GreenplumR supports the following component versions:

Table 1. GreenplumR Supported Component Versions
GreenplumR Version R Version Greenplum Version PL/R Version PL/Container Version
1,1,0, 1.0.0 3.6+ 6.1+ 3.0.2+ 3.0.0 (Beta)

Prerequisites

You can use GreenplumR with Greenplum Database and the PL/R and PL/Container procedural languages. Before you install and run GreenplumR on a client system:

  • Ensure that your Greenplum Database installation is running version 6.1 or newer.
  • Ensure that your client development system has connectivity to the Greenplum Database master host.
  • Ensure that R version 3.6.0 or newer is installed on your client system, and that you set the $R_HOME environment variable appropriately.
  • Determine the procedural language(s) you plan to use with GreenplumR, and ensure that the language(s) is installed and configured in your Greenplum Database cluster. Refer to PL/R Language and PL/Container Language (3.0 Beta) for language installation and configuration instructions.
  • Verify that you have registered the procedural language(s) in each database in which you plan to use GreenplumR to read data from or write data to Greenplum. For example, the following command lists the extensions and languages registered in the database named testdb:
    $ psql -h gpmaster -d testdb -c '\dx'
                                         List of installed extensions
        Name     | Version  |   Schema   |                          Description     
                          
    -------------+----------+------------+----------------------------------------------------------------
     plcontainer | 1.0.0    | public     | GPDB execution sandboxing for Python and R
     plpgsql     | 1.0      | pg_catalog | PL/pgSQL procedural language
     plr         | 8.3.0.16 | public     | load R interpreter and execute R script from within a database
    

    Check for the plr and/or plcontainer extension Name.

Installing the Greenplum R Client

GreenplumR is an R package.

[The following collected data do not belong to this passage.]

(* For states $\mu,\nu:I\to X$ the relation $\mu\ll\nu$ is characterized as follows: (1) in $\mathrm{FinStoch}$, $\mu\ll\nu$ iff $\nu(x)=0$ implies $\mu(x)=0$ for all $x$; (2) in $\mathrm{BorelStoch}$, $\mu\ll\nu$ iff for all measurable $A$, $\nu(A)=0$ implies $\mu(A)=0$; (3) in $\mathrm{Gauss}$, $\mu\ll\nu$ iff $\mathrm{supp}(\mu)\subseteq\mathrm{supp}(\nu)$; (4) in $\mathrm{Rel}^+$, $R\ll S$ iff $R\subseteq S$.
   Context: A Markov category is a symmetric monoidal category with a compatible commutative comonoid $\mathrm{copy}_X:X\to X\otimes X$, $\mathrm{del}_X:X\to I$ on every object, with $I$ terminal. $\langle f,g\rangle=(f\otimes g)\mathrm{copy}_A$. For a state $\mu:I\to X$ and $f,g:X\to Y$, $f=_\mu g$ means $\langle\mathrm{id}_X,f\rangle\mu=\langle\mathrm{id}_X,g\rangle\mu$; $\mu\ll\nu$ means: for all $Y$ and all $f,g:X\to Y$, $f=_\nu g$ implies $f=_\mu g$. $\mathrm{FinStoch}$: finite sets with stochastic matrices, composition $(pq)(z|x)=\sum_y p(z|y)q(y|x)$, tensor cartesian product. $\mathrm{BorelStoch}$: standard Borel spaces and Markov kernels. $\mathrm{Gauss}$: objects $n\in\mathbb N$ (representing $\mathbb R^n$), $m\otimes n=m+n$; morphisms $m\to n$ are triples $(A,b,\Sigma)$ with $A\in\mathbb R^{n\times m}$, $b\in\mathbb R^n$, $\Sigma$ positive semidefinite $n\times n$ (representing $x\mapsto Ax+b+\mathcal N(0,\Sigma)$); $(A,b,\Sigma)\circ(C,d,\Xi)=(AC,Ad+b,A\Xi A^T+\Sigma)$; tensor block diagonal; copy $x\mapsto(x,x)$. A state $0\to n$ is a Gaussian $\mathcal N(b,\Sigma)$, whose support is the affine subspace $\mathrm{supp}=b+\mathrm{col}(\Sigma)$. $\mathrm{Rel}^+$: sets and left-total relations; states $I\to X$ are nonempty subsets of $X$. *)

theory Defs
  imports "HOL-Probability.Probability" "Jordan_Normal_Form.Matrix"
begin

text \<open>A morphism X -> Y of FinStoch (X, Y finite sets) is a stochastic matrix,
  represented as f :: 'a => 'b => real with f x y = p(y|x); only its values on
  X x Y are meaningful. States I -> X are morphisms from the one-point set {()}.\<close>

definition fs_morph :: "'a set \<Rightarrow> 'b set \<Rightarrow> ('a \<Rightarrow> 'b \<Rightarrow> real) \<Rightarrow> bool" where
  "fs_morph X Y f \<longleftrightarrow> (\<forall>x\<in>X. \<forall>y\<in>Y. 0 \<le> f x y) \<and> (\<forall>x\<in>X. (\<Sum>y\<in>Y. f x y) = 1)"
lemma attr_subset_V_ge: "U \<subseteq> V_ge V p k \<Longrightarrow> attr V E p VE VO k U \<subseteq> V_ge V p k"
  unfolding attr_def attr_closed_def by blast

lemma attr_chain_first_entry:
  assumes "u \<in> attr_chain V E p VE VO k U n" "u \<notin> U"
  shows "\<exists>j<n. u \<in> attr_chain V E p VE VO k U (Suc j) \<and> u \<notin> attr_chain V E p VE VO k U j"
  using assms(1)
proof (induction n)
  case (Suc n)
  then show ?case
    by (cases "u \<in> attr_chain V E p VE VO k U n") (auto intro: less_SucI)
qed (use assms(2) in simp)

lemma attracting_move_descends:
  assumes \<sigma>A: "attracting_strategy V E p VE VO k U \<sigma>A"
    and u: "u \<in> attr_chain V E p VE VO k U n" "u \<notin> U"
    and move: "(u, w) \<in> E" "u \<in> dom \<sigma>A \<Longrightarrow> \<sigma>A u = Some w"
  shows "\<exists>j<n. w \<in> attr_chain V E p VE VO k U j"
proof -
  let ?C = "attr_chain V E p VE VO k U"
  obtain j where j: "j < n" "u \<in> ?C (Suc j)" "u \<notin> ?C j"
    using attr_chain_first_entry[OF u] by blast
  have "w \<in> ?C j"
  proof (cases "u \<in> VO")
    case True
    have "u \<in> attr V E p VE VO k U"
      by (rule subsetD[OF attr_chain_subset_attr j(2)])
    with True u(2) \<sigma>A have u_dom: "u \<in> dom \<sigma>A"
      by (simp add: attracting_strategy_def)
    with \<sigma>A j(2,3) have "the (\<sigma>A u) \<in> ?C j"
      by (simp add: attracting_strategy_def)
    with move(2)[OF u_dom] show ?thesis by simp
  next
    case False
    with j(2,3) move(1) show ?thesis by (auto simp: attr_step_def post_def)
  qed
  with j(1) show ?thesis by blast
qed
(* Let $e, e_1, e_2$ be terms of $\mathrm{F}_H$ and $x$ a variable, and suppose $e_1 \longrightarrow e_2$. (1) If $e[e_1/x] \longrightarrow^* v_1$ for a value $v_1$, then $e[e_2/x] \longrightarrow^* v_2$ for some value $v_2$; moreover, if $v_1 = \mathsf{true}$ then $v_2 = \mathsf{true}$. (2) If $e[e_2/x] \longrightarrow^* v_2$ for a value $v_2$, then $e[e_1/x] \longrightarrow^* v_1$ for some value $v_1$; moreover, if $v_2 = \mathsf{true}$ then $v_1 = \mathsf{true}$.
   Context: Syntax of the calculus $\mathrm{F}_H$. Fix a set of base types $B$ containing $\mathsf{Bool}$; each base type $B$ has a set $\mathcal{K}_B$ of constants (with $\mathcal{K}_{\mathsf{Bool}}=\{\mathsf{true},\mathsf{false}\}$); $k$ ranges over constants. Fix primitive operations $\mathtt{op}$, each with a denotation $[\![\mathtt{op}]\!]$, a partial function from tuples of constants to constants. Types: $T ::= B \mid \alpha \mid x{:}T_1\to T_2 \mid \forall\alpha.T \mid \{x{:}T \mid e\}$. Values: $v ::= k \mid \lambda x{:}T.e \mid \Lambda\alpha.e \mid \langle T_1\Rightarrow T_2\rangle^{\ell}$ ($\ell$ ranges over blame labels). Terms: $e ::= v \mid x \mid \mathtt{op}(e_1,\dots,e_n) \mid e_1\,e_2 \mid e\,T \mid \langle\!\langle \{x{:}T_1\mid e_1\}, e_2\rangle\!\rangle^{\ell} \mid \langle \{x{:}T_1\mid e_1\}, e_2, v\rangle^{\ell} \mid \Uparrow\ell$. Variables are not values. Substitution $e[e'/x]$ is capture-avoiding; $\mathsf{let}\ y{:}T = e_1\ \mathsf{in}\ e_2$ abbreviates $(\lambda y{:}T.e_2)\,e_1$. Reduction $\rightsquigarrow$: $\mathtt{op}(k_1,\dots,k_n)\rightsquigarrow[\![\mathtt{op}]\!](k_1,\dots,k_n)$; $(\lambda x{:}T.e)\,v\rightsquigarrow e[v/x]$; $(\Lambda\alpha.e)\,T\rightsquigarrow e[T/\alpha]$; $\langle B\Rightarrow B\rangle^\ell v\rightsquigarrow v$; $\langle x{:}T_{11}\to T_{12}\Rightarrow x{:}T_{21}\to T_{22}\rangle^\ell v\rightsquigarrow \lambda x{:}T_{21}.\,\mathsf{let}\ y{:}T_{11}=\langle T_{21}\Rightarrow T_{11}\rangle^\ell x\ \mathsf{in}\ \langle T_{12}[y/x]\Rightarrow T_{22}\rangle^\ell (v\,y)$ with $y$ fresh; $\langle\forall\alpha.T_1\Rightarrow\forall\alpha.T_2\rangle^\ell v\rightsquigarrow\Lambda\alpha.\langle T_1\Rightarrow T_2\rangle^\ell(v\,\alpha)$; $\langle\{x{:}T_1\mid e_1\}\Rightarrow T_2\rangle^\ell v\rightsquigarrow\langle T_1\Rightarrow T_2\rangle^\ell v$; $\langle T_1\Rightarrow\{x{:}T_2\mid e_2\}\rangle^\ell v\rightsquigarrow\langle\!\langle\{x{:}T_2\mid e_2\},\langle T_1\Rightarrow T_2\rangle^\ell v\rangle\!\rangle^\ell$ provided $T_1$ is not a refinement type; $\langle\!\langle\{x{:}T\mid e\},v\rangle\!\rangle^\ell\rightsquigarrow\langle\{x{:}T\mid e\},e[v/x],v\rangle^\ell$; $\langle\{x{:}T\mid e\},\mathsf{true},v\rangle^\ell\rightsquigarrow v$; $\langle\{x{:}T\mid e\},\mathsf{false},v\rangle^\ell\rightsquigarrow\Uparrow\ell$. Evaluation contexts: $E ::= [\,] \mid \mathtt{op}(v_1,\dots,v_n,E,e_1,\dots,e_m) \mid E\,e \mid v\,E \mid E\,T \mid \langle\!\langle\{x{:}T\mid e\},E\rangle\!\rangle^\ell \mid \langle\{x{:}T\mid e\},E,v\rangle^\ell$. Evaluation $\longrightarrow$: $E[e_1]\longrightarrow E[e_2]$ whenever $e_1\rightsquigarrow e_2$; $E[\Uparrow\ell]\longrightarrow\Uparrow\ell$ whenever $E\neq[\,]$. $\longrightarrow^*$ is the reflexive–transitive closure of $\longrightarrow$. *)

theory Defs
  imports Main
begin

text \<open>Syntax of F_H in locally nameless representation.
  Bound term variables and bound type variables are de Bruijn indices
  (two separate index spaces); free term and type variables are names (nat).\<close>

datatype 'b base = BBool | BOther 'b
datatype 'k const = CBool bool | CK 'k

datatype ('b,'k,'p,'l) ty =
    TBase "'b base"
  | TBVar nat
  | TFVar nat
  | TFun "('b,'k,'p,'l) ty" "('b,'k,'p,'l) ty"     \<comment> \<open>x:T1 -> T2, T2 binds term index 0\<close>
  | TAll "('b,'k,'p,'l) ty"
  | TRef "('b,'k,'p,'l) ty" "('b,'k,'p,'l) tm"       \<comment> \<open>{x:T | e}, e binds term index 0\<close>
and ('b,'k,'p,'l) tm =
    Const "'k const"
  | BVar nat
  | FVar nat
  | Lam "('b,'k,'p,'l) ty" "('b,'k,'p,'l) tm"
  | TLam "('b,'k,'p,'l) tm"
  | Cast 'l "('b,'k,'p,'l) ty" "('b,'k,'p,'l) ty"
  | Op 'p "('b,'k,'p,'l) tm list"
  | App "('b,'k,'p,'l) tm" "('b,'k,'p,'l) tm"
  | TApp "('b,'k,'p,'l) tm" "('b,'k,'p,'l) ty"
  | Check 'l "('b,'k,'p,'l) ty" "('b,'k,'p,'l) tm" "('b,'k,'p,'l) tm"
      \<comment> \<open>Check l T e1 e2 = \<langle>\<langle>{x:T|e1}, e2\<rangle>\<rangle>^l ; e1 binds term index 0\<close>
  | Active 'l "('b,'k,'p,'l) ty" "('b,'k,'p,'l) tm" "('b,'k,'p,'l) tm" "('b,'k,'p,'l) tm"
      \<comment> \<open>Active l T e1 e2 v = \<langle>{x:T|e1}, e2, v\<rangle>^l ; e1 binds term index 0\<close>
  | Blame 'l

fun is_val :: "('b,'k,'p,'l) tm \<Rightarrow> bool" where
  "is_val (Const k) = True"
| "is_val (Lam T e) = True"
| "is_val (TLam e) = True"
| "is_val (Cast l T1 T2) = True"
| "is_val _ = False"

fun is_ref :: "('b,'k,'p,'l) ty \<Rightarrow> bool" where
  "is_ref (TRef T e) = True"
| "is_ref _ = False"

primrec open_ty :: "nat \<Rightarrow> ('b,'k,'p,'l) tm \<Rightarrow> ('b,'k,'p,'l) ty \<Rightarrow> ('b,'k,'p,'l) ty"
and open_tm :: "nat \<Rightarrow> ('b,'k,'p,'l) tm \<Rightarrow> ('b,'k,'p,'l) tm \<Rightarrow> ('b,'k,'p,'l) tm" where
  "open_ty k u (TBase b) = TBase b"
| "open_ty k u (TBVar n) = TBVar n"
| "open_ty k u (TFVar a) = TFVar a"
| "open_ty k u (TFun T1 T2) = TFun (open_ty k u T1) (open_ty (Suc k) u T2)"
| "open_ty k u (TAll T) = TAll (open_ty k u T)"
| "open_ty k u (TRef T e) = TRef (open_ty k u T) (open_tm (Suc k) u e)"
| "open_tm k u (Const c) = Const c"
| "open_tm k u (BVar n) = (if n = k then u else BVar n)"
| "open_tm k u (FVar y) = FVar y"
| "open_tm k u (Lam T e) = Lam (open_ty k u T) (open_tm (Suc k) u e)"
| "open_tm k u (TLam e) = TLam (open_tm k u e)"
| "open_tm k u (Cast l T1 T2) = Cast l (open_ty k u T1) (open_ty k u T2)"
| "open_tm k u (Op p es) = Op p (map (open_tm k u) es)"
| "open_tm k u (App e1 e2) = App (open_tm k u e1) (open_tm k u e2)"
| "open_tm k u (TApp e T) = TApp (open_tm k u e) (open_ty k u T)"
| "open_tm k u (Check l T e1 e2) = Check l (open_ty k u T) (open_tm (Suc k) u e1) (open_tm k u e2)"
| "open_tm k u (Active l T e1 e2 v) =
     Active l (open_ty k u T) (open_tm (Suc k) u e1) (open_tm k u e2) (open_tm k u v)"
| "open_tm k u (Blame l) = Blame l"

primrec openT_ty :: "nat \<Rightarrow> ('b,'k,'p,'l) ty \<Rightarrow> ('b,'k,'p,'l) ty \<Rightarrow> ('b,'k,'p,'l) ty"
and openT_tm :: "nat \<Rightarrow> ('b,'k,'p,'l) ty \<Rightarrow> ('b,'k,'p,'l) tm \<Rightarrow> ('b,'k,'p,'l) tm" where
  "openT_ty k U (TBase b) = TBase b"
| "openT_ty k U (TBVar n) = (if n = k then U else TBVar n)"
| "openT_ty k U (TFVar a) = TFVar a"
| "openT_ty k U (TFun T1 T2) = TFun (openT_ty k U T1) (openT_ty k U T2)"
| "openT_ty k U (TAll T) = TAll (openT_ty (Suc k) U T)"
| "openT_ty k U (TRef T e) = TRef (openT_ty k U T) (openT_tm k U e)"
| "openT_tm k U (Const c) = Const c"
| "openT_tm k U (BVar n) = BVar n"
| "openT_tm k U (FVar y) = FVar y"
| "openT_tm k U (Lam T e) = Lam (openT_ty k U T) (openT_tm k U e)"
| "openT_tm k U (TLam e) = TLam (openT_tm (Suc k) U e)"
| "openT_tm k U (Cast l T1 T2) = Cast l (openT_ty k U T1) (openT_ty k U T2)"
| "openT_tm k U (Op p es) = Op p (map (openT_tm k U) es)"
| "openT_tm k U (App e1 e2) = App (openT_tm k U e1) (openT_tm k U e2)"
| "openT_tm k U (TApp e T) = TApp (openT_tm k U e) (openT_ty k U T)"
| "openT_tm k U (Check l T e1 e2) = Check l (openT_ty k U T) (openT_tm k U e1) (openT_tm k U e2)"
| "openT_tm k U (Active l T e1 e2 v) =
     Active l (openT_ty k U T) (openT_tm k U e1) (openT_tm k U e2) (openT_tm k U v)"
| "openT_tm k U (Blame l) = Blame l"

primrec close_ty :: "nat \<Rightarrow> nat \<Rightarrow> ('b,'k,'p,'l) ty \<Rightarrow> ('b,'k,'p,'l) ty"
and close_tm :: "nat \<Rightarrow> nat \<Rightarrow> ('b,'k,'p,'l) tm \<Rightarrow> ('b,'k,'p,'l) tm" where
  "close_ty k x (TBase b) = TBase b"
| "close_ty k x (TBVar n) = TBVar n"
| "close_ty k x (TFVar a) = TFVar a"
| "close_ty k x (TFun T1 T2) = TFun (close_ty k x T1) (close_ty (Suc k) x T2)"
| "close_ty k x (TAll T) = TAll (close_ty k x T)"
| "close_ty k x (TRef T e) = TRef (close_ty k x T) (close_tm (Suc k) x e)"
| "close_tm k x (Const c) = Const c"
| "close_tm k x (BVar n) = BVar n"
| "close_tm k x (FVar y) = (if y = x then BVar k else FVar y)"
| "close_tm k x (Lam T e) = Lam (close_ty k x T) (close_tm (Suc k) x e)"
| "close_tm k x (TLam e) = TLam (close_tm k x e)"
| "close_tm k x (Cast l T1 T2) = Cast l (close_ty k x T1) (close_ty k x T2)"
| "close_tm k x (Op p es) = Op p (map (close_tm k x) es)"
| "close_tm k x (App e1 e2) = App (close_tm k x e1) (close_tm k x e2)"
| "close_tm k x (TApp e T) = TApp (close_tm k x e) (close_ty k x T)"
| "close_tm k x (Check l T e1 e2) = Check l (close_ty k x T) (close_tm (Suc k) x e1) (close_tm k x e2)"
| "close_tm k x (Active l T e1 e2 v) =
     Active l (close_ty k x T) (close_tm (Suc k) x e1) (close_tm k x e2) (close_tm k x v)"
| "close_tm k x (Blame l) = Blame l"

text \<open>Substitution of a term for a free term variable: e[u/x].
  Capture-avoiding by construction (bound variables are indices).\<close>
primrec subst_ty :: "nat \<Rightarrow> ('b,'k,'p,'l) tm \<Rightarrow> ('b,'k,'p,'l) ty \<Rightarrow> ('b,'k,'p,'l) ty"
and subst_tm :: "nat \<Rightarrow> ('b,'k,'p,'l) tm \<Rightarrow> ('b,'k,'p,'l) tm \<Rightarrow> ('b,'k,'p,'l) tm" where
  "subst_ty x u (TBase b) = TBase b"
| "subst_ty x u (TBVar n) = TBVar n"
| "subst_ty x u (TFVar a) = TFVar a"
| "subst_ty x u (TFun T1 T2) = TFun (subst_ty x u T1) (subst_ty x u T2)"
| "subst_ty x u (TAll T) = TAll (subst_ty x u T)"
| "subst_ty x u (TRef T e) = TRef (subst_ty x u T) (subst_tm x u e)"
| "subst_tm x u (Const c) = Const c"
| "subst_tm x u (BVar n) = BVar n"
| "subst_tm x u (FVar y) = (if y = x then u else FVar y)"
| "subst_tm x u (Lam T e) = Lam (subst_ty x u T) (subst_tm x u e)"
| "subst_tm x u (TLam e) = TLam (subst_tm x u e)"
| "subst_tm x u (Cast l T1 T2) = Cast l (subst_ty x u T1) (subst_ty x u T2)"
| "subst_tm x u (Op p es) = Op p (map (subst_tm x u) es)"
| "subst_tm x u (App e1 e2) = App (subst_tm x u e1) (subst_tm x u e2)"
| "subst_tm x u (TApp e T) = TApp (subst_tm x u e) (subst_ty x u T)"
| "subst_tm x u (Check l T e1 e2) = Check l (subst_ty x u T) (subst_tm x u e1) (subst_tm x u e2)"
| "subst_tm x u (Active l T e1 e2 v) =
     Active l (subst_ty x u T) (subst_tm x u e1) (subst_tm x u e2) (subst_tm x u v)"
| "subst_tm x u (Blame l) = Blame l"

primrec fv_ty :: "('b,'k,'p,'l) ty \<Rightarrow> nat set"
and fv_tm :: "('b,'k,'p,'l) tm \<Rightarrow> nat set" where
  "fv_ty (TBase b) = {}"
| "fv_ty (TBVar n) = {}"
| "fv_ty (TFVar a) = {}"
| "fv_ty (TFun T1 T2) = fv_ty T1 \<union> fv_ty T2"
| "fv_ty (TAll T) = fv_ty T"
| "fv_ty (TRef T e) = fv_ty T \<union> fv_tm e"
| "fv_tm (Const c) = {}"
| "fv_tm (BVar n) = {}"
| "fv_tm (FVar y) = {y}"
| "fv_tm (Lam T e) = fv_ty T \<union> fv_tm e"
| "fv_tm (TLam e) = fv_tm e"
| "fv_tm (Cast l T1 T2) = fv_ty T1 \<union> fv_ty T2"
| "fv_tm (Op p es) = \<Union> (set (map fv_tm es))"
| "fv_tm (App e1 e2) = fv_tm e1 \<union> fv_tm e2"
| "fv_tm (TApp e T) = fv_tm e \<union> fv_ty T"
| "fv_tm (Check l T e1 e2) = fv_ty T \<union> fv_tm e1 \<union> fv_tm e2"
| "fv_tm (Active l T e1 e2 v) = fv_ty T \<union> fv_tm e1 \<union> fv_tm e2 \<union> fv_tm v"
| "fv_tm (Blame l) = {}"

primrec lc_ty :: "nat \<Rightarrow> nat \<Rightarrow> ('b,'k,'p,'l) ty \<Rightarrow> bool"
and lc_tm :: "nat \<Rightarrow> nat \<Rightarrow> ('b,'k,'p,'l) tm \<Rightarrow> bool" where
  "lc_ty k j (TBase b) = True"
| "lc_ty k j (TBVar n) = (n < j)"
| "lc_ty k j (TFVar a) = True"
| "lc_ty k j (TFun T1 T2) = (lc_ty k j T1 \<and> lc_ty (Suc k) j T2)"
| "lc_ty k j (TAll T) = lc_ty k (Suc j) T"
| "lc_ty k j (TRef T e) = (lc_ty k j T \<and> lc_tm (Suc k) j e)"
| "lc_tm k j (Const c) = True"
| "lc_tm k j (BVar n) = (n < k)"
| "lc_tm k j (FVar y) = True"
| "lc_tm k j (Lam T e) = (lc_ty k j T \<and> lc_tm (Suc k) j e)"
| "lc_tm k j (TLam e) = lc_tm k (Suc j) e"
| "lc_tm k j (Cast l T1 T2) = (lc_ty k j T1 \<and> lc_ty k j T2)"
| "lc_tm k j (Op p es) = list_all id (map (lc_tm k j) es)"
| "lc_tm k j (App e1 e2) = (lc_tm k j e1 \<and> lc_tm k j e2)"
| "lc_tm k j (TApp e T) = (lc_tm k j e \<and> lc_ty k j T)"
| "lc_tm k j (Check l T e1 e2) = (lc_ty k j T \<and> lc_tm (Suc k) j e1 \<and> lc_tm k j e2)"
| "lc_tm k j (Active l T e1 e2 v) =
     (lc_ty k j T \<and> lc_tm (Suc k) j e1 \<and> lc_tm k j e2 \<and> lc_tm k j v)"
| "lc_tm k j (Blame l) = True"
(* Let $G$ be a graph containing a cycle, and let $k\ge 0$ and $r\le \log_2(g(G)-2)-1$. Then every graph in $M^k_r(G)$ is a tree.
   Context: $g(G)$ is the girth of $G$. Colors are red, blue, green. A $k$-precolored graph is a finite graph together with an assignment of colors to at most $k$ of its vertices. The game $\mathcal{G}^k_r(H)$ on a $k$-precolored graph $H$ starts from the given precoloring and lasts $r$ rounds; in each round Spoiler may erase the colors of some currently colored vertices and then selects a vertex, which Duplicator colors with one of the three colors; after each round at most $k$ vertices may be colored. Duplicator wins if the initial partial coloring and the partial coloring after each round are proper; otherwise Spoiler wins. A subgraph $H'$ of a $k$-precolored graph $H$ is a subgraph of the underlying graph in which every vertex colored in $H'$ has the same color in $H$; it is proper if $H'\ne H$ as precolored graphs. $M^k_r$ is the family of all $k$-precolored graphs $H$ such that Spoiler wins $\mathcal{G}^k_r(H)$ while Duplicator wins $\mathcal{G}^k_r(K)$ for every proper subgraph $K$ of $H$. $M^k_r(G)$ is the set of those members of $M^k_r$ whose underlying uncolored graph is isomorphic to a subgraph of $G$. *)

theory Defs
  imports Complex_Main
begin

datatype color = Red | Blue | Green

definition is_graph :: "'v set \<Rightarrow> 'v set set \<Rightarrow> bool" where
  "is_graph V E \<longleftrightarrow> finite V \<and> (\<forall>e\<in>E. \<exists>u v. u \<noteq> v \<and> u \<in> V \<and> v \<in> V \<and> e = {u, v})"

definition is_walk :: "'v set set \<Rightarrow> 'v list \<Rightarrow> bool" where
  "is_walk E xs \<longleftrightarrow> xs \<noteq> [] \<and> (\<forall>i < length xs - 1. {xs ! i, xs ! (i + 1)} \<in> E)"

definition is_cycle :: "'v set set \<Rightarrow> 'v list \<Rightarrow> bool" where
  "is_cycle E xs \<longleftrightarrow> length xs \<ge> 3 \<and> distinct xs \<and> is_walk E xs \<and> {last xs, hd xs} \<in> E"

definition has_cycle :: "'v set \<Rightarrow> 'v set set \<Rightarrow> bool" where
  "has_cycle V E \<longleftrightarrow> (\<exists>xs. set xs \<subseteq> V \<and> is_cycle E xs)"

definition girth :: "'v set \<Rightarrow> 'v set set \<Rightarrow> nat" where
  "girth V E = (LEAST n. \<exists>xs. set xs \<subseteq> V \<and> is_cycle E xs \<and> length xs = n)"

definition connected_graph :: "'v set \<Rightarrow> 'v set set \<Rightarrow> bool" where
  "connected_graph V E \<longleftrightarrow>
     (\<forall>u\<in>V. \<forall>v\<in>V. \<exists>xs. is_walk E xs \<and> set xs \<subseteq> V \<and> hd xs = u \<and> last xs = v)"

definition is_tree :: "'v set \<Rightarrow> 'v set set \<Rightarrow> bool" where
  "is_tree V E \<longleftrightarrow> V \<noteq> {} \<and> connected_graph V E \<and> \<not> has_cycle V E"

type_synonym 'v pcgraph = "'v set \<times> 'v set set \<times> ('v \<Rightarrow> color option)"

You obtain the package from Pivotal Network and install the package within the R console.

  1. Download the package from the Greenplum Procedural Languages filegroup on Pivotal Network. The naming format of the downloaded file is greenplumR‑<version>‑gp6.tar.gz.

    Note the file system location of the downloaded file.

  2. Install the dependent R packages: ini, shiny, and RPostgreSQL. For example, enter the R console and run the following, or equivalent, command:
    user@clientsys$ R
    > install.packages(c("ini", "shiny", "RPostgreSQL"))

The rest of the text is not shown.